***** Dataset content *****

(* In the standing setting, let $(\psi,\alpha),(\phi,\beta)\in\mathcal{A}\times\mathcal{B}$ with liftings $\psi^\uparrow,\phi^\uparrow$, and write $d(g)=\psi^\uparrow(g)\phi^\uparrow(g)^{-1}$ and $e(h)=\phi^\uparrow(h)\psi^\uparrow(h)^{-1}$. Then $(G,r)$ and $(G,r')$ are set-theoretic non-degenerate solutions of the Yang--Baxter equation, where for $g,h\in G$ $$r(g,h)=\Big(d(g)\,h\,d(g)^{-1}\,\beta(g^{-1},h)\,\alpha(g,h),\ \ \psi^\uparrow(h)^{-1}\,d(g)\,h^{-1}\,d(g)^{-1}\,g\,\psi^\uparrow(g)\,h\,\psi^\uparrow(g)^{-1}\,\psi^\uparrow(h)\,\beta(g,h)\,\alpha(h^{-1},g)\Big),$$ $$r'(g,h)=\Big(g\,\psi^\uparrow(g)\,h\,\psi^\uparrow(g)^{-1}\,\phi^\uparrow(h)\,g^{-1}\,\phi^\uparrow(h)^{-1}\,\beta(h,g^{-1})\,\alpha(g,h),\ \ e(h)\,g\,e(h)^{-1}\,\beta(h,g)\,\alpha(h^{-1},g)\Big).$$
   Context: Standing setting: $(G,\cdot)$ is a group, $K$ is a subgroup of $G$ contained in the centre $Z(G)$, and $A$ is a subgroup with $K\le A\le G$ and $A/K$ abelian. Let $\mathcal{A}=\{\psi\in\operatorname{End}(G/K):\psi(G/K)\le A/K\}$. A lifting of $\psi\in\mathcal{A}$ is any set map $\psi^{\uparrow}:G\to A$ with $\psi^{\uparrow}(g)K=\psi(gK)$ for all $g\in G$. Let $\mathcal{B}$ be the set of maps $\alpha:G\times G\to K$ that are bilinear, i.e. $\alpha(gh,k)=\alpha(g,k)\alpha(h,k)$ and $\alpha(g,hk)=\alpha(g,h)\alpha(g,k)$, and satisfy $\alpha(k,g)=\alpha(g,k)=1$ for all $k\in K$, $g\in G$. A set-theoretic solution of the Yang--Baxter equation is a pair $(X,r)$ with $X\neq\emptyset$ and $r:X\times X\to X\times X$, $r(x,y)=(\sigma_x(y),\tau_y(x))$, a bijection satisfying $(r\times\mathrm{id}_X)(\mathrm{id}_X\times r)(r\times\mathrm{id}_X)=(\mathrm{id}_X\times r)(r\times\mathrm{id}_X)(\mathrm{id}_X\times r)$; it is non-degenerate if all $\sigma_x$ and $\tau_x$ are bijective. *)

theory Defs
  imports "HOL-Algebra.Algebra"
begin

definition r12 :: "('a \<times> 'a \<Rightarrow> 'a \<times> 'a) \<Rightarrow> 'a \<times> 'a \<times> 'a \<Rightarrow> 'a \<times> 'a \<times> 'a" where
  "r12 r = (\<lambda>(x, y, z). (fst (r (x, y)), snd (r (x, y)), z))"

definition r23 :: "('a \<times> 'a \<Rightarrow> 'a \<times> 'a) \<Rightarrow> 'a \<times> 'a \<times> 'a \<Rightarrow> 'a \<times> 'a \<times> 'a" where
  "r23 r = (\<lambda>(x, y, z). (x, fst (r (y, z)), snd (r (y, z))))"

definition ybe_solution :: "'a set \<Rightarrow> ('a \<times> 'a \<Rightarrow> 'a \<times> 'a) \<Rightarrow> bool" where
  "ybe_solution S r \<longleftrightarrow> S \<noteq> {} \<and> bij_betw r (S \<times> S) (S \<times> S) \<and>
     (\<forall>t \<in> S \<times> S \<times> S. r12 r (r23 r (r12 r t)) = r23 r (r12 r (r23 r t)))"

definition nondegenerate :: "'a set \<Rightarrow> ('a \<times> 'a \<Rightarrow> 'a \<times> 'a) \<Rightarrow> bool" where
  "nondegenerate S r \<longleftrightarrow>
     (\<forall>x \<in> S. bij_betw (\<lambda>y. fst (r (x, y))) S S) \<and>
     (\<forall>y \<in> S. bij_betw (\<lambda>x. snd (r (x, y))) S S)"

definition central_subgroup :: "('a, 'b) monoid_scheme \<Rightarrow> 'a set \<Rightarrow> bool" where
  "central_subgroup G K \<longleftrightarrow> subgroup K G \<and>
     (\<forall>k \<in> K. \<forall>g \<in> carrier G. k \<otimes>\<^bsub>G\<^esub> g = g \<otimes>\<^bsub>G\<^esub> k)"
definition is_hj :: "nat list \<Rightarrow> nat \<Rightarrow> nat \<Rightarrow> bool" where
  "is_hj ns q q1 \<longleftrightarrow> ns \<noteq> [] \<and> (\<forall>m\<in>set ns. m \<ge> 2) \<and> hjcf ns = real q / real q1"

text \<open>Configuration <b; ns1; ns2>: curves indexed 0..l, with E_0 central, E_1 the (-2)-curve,
  E_2..E_k the first chain (k = length ns1 + 1), E_(k+1)..E_l the second chain.\<close>
definition conf_k :: "nat list \<Rightarrow> nat" where "conf_k ns1 = length ns1 + 1"
definition conf_l :: "nat list \<Rightarrow> nat list \<Rightarrow> nat" where
  "conf_l ns1 ns2 = length ns1 + 1 + length ns2"

definition conf_adj :: "nat list \<Rightarrow> nat list \<Rightarrow> nat \<Rightarrow> nat \<Rightarrow> bool" where
  "conf_adj ns1 ns2 i j \<longleftrightarrow>
     (let k = conf_k ns1; l = conf_l ns1 ns2;
          e = (\<lambda>x y. (x = 0 \<and> (y = 1 \<or> y = 2 \<or> y = k + 1))
                    \<or> (2 \<le> x \<and> x < k \<and> y = x + 1)
                    \<or> (k + 1 \<le> x \<and> x < l \<and> y = x + 1))
      in e i j \<or> e j i)"

definition conf_self :: "nat \<Rightarrow> nat list \<Rightarrow> nat list \<Rightarrow> nat \<Rightarrow> int" where
  "conf_self b ns1 ns2 i =
     (let k = conf_k ns1 in
      if i = 0 then - int b
      else if i = 1 then -2
      else if i \<le> k then - int (ns1 ! (i - 2))
      else - int (ns2 ! (i - k - 1)))"

definition conf_mat :: "nat \<Rightarrow> nat list \<Rightarrow> nat list \<Rightarrow> nat \<Rightarrow> nat \<Rightarrow> int" where
  "conf_mat b ns1 ns2 i j =
     (if i = j then conf_self b ns1 ns2 i
      else if conf_adj ns1 ns2 i j then 1 else 0)"

definition quads :: "(nat \<times> nat \<times> nat \<times> nat) set" where
  "quads = {(3,1,3,1), (3,1,3,2), (3,2,3,2), (3,2,4,3), (3,1,4,3), (3,2,4,1), (3,1,4,1),
            (3,2,5,4), (3,2,5,3), (3,1,5,4), (3,2,5,2), (3,1,5,3), (3,2,5,1), (3,1,5,2),
            (3,1,5,1)}"

end

theory Submission
  imports Defs
begin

*****

What the exercise asks ▸ In the records above, how many lines include "length"? Reply only with the number.

Output below ▸ 3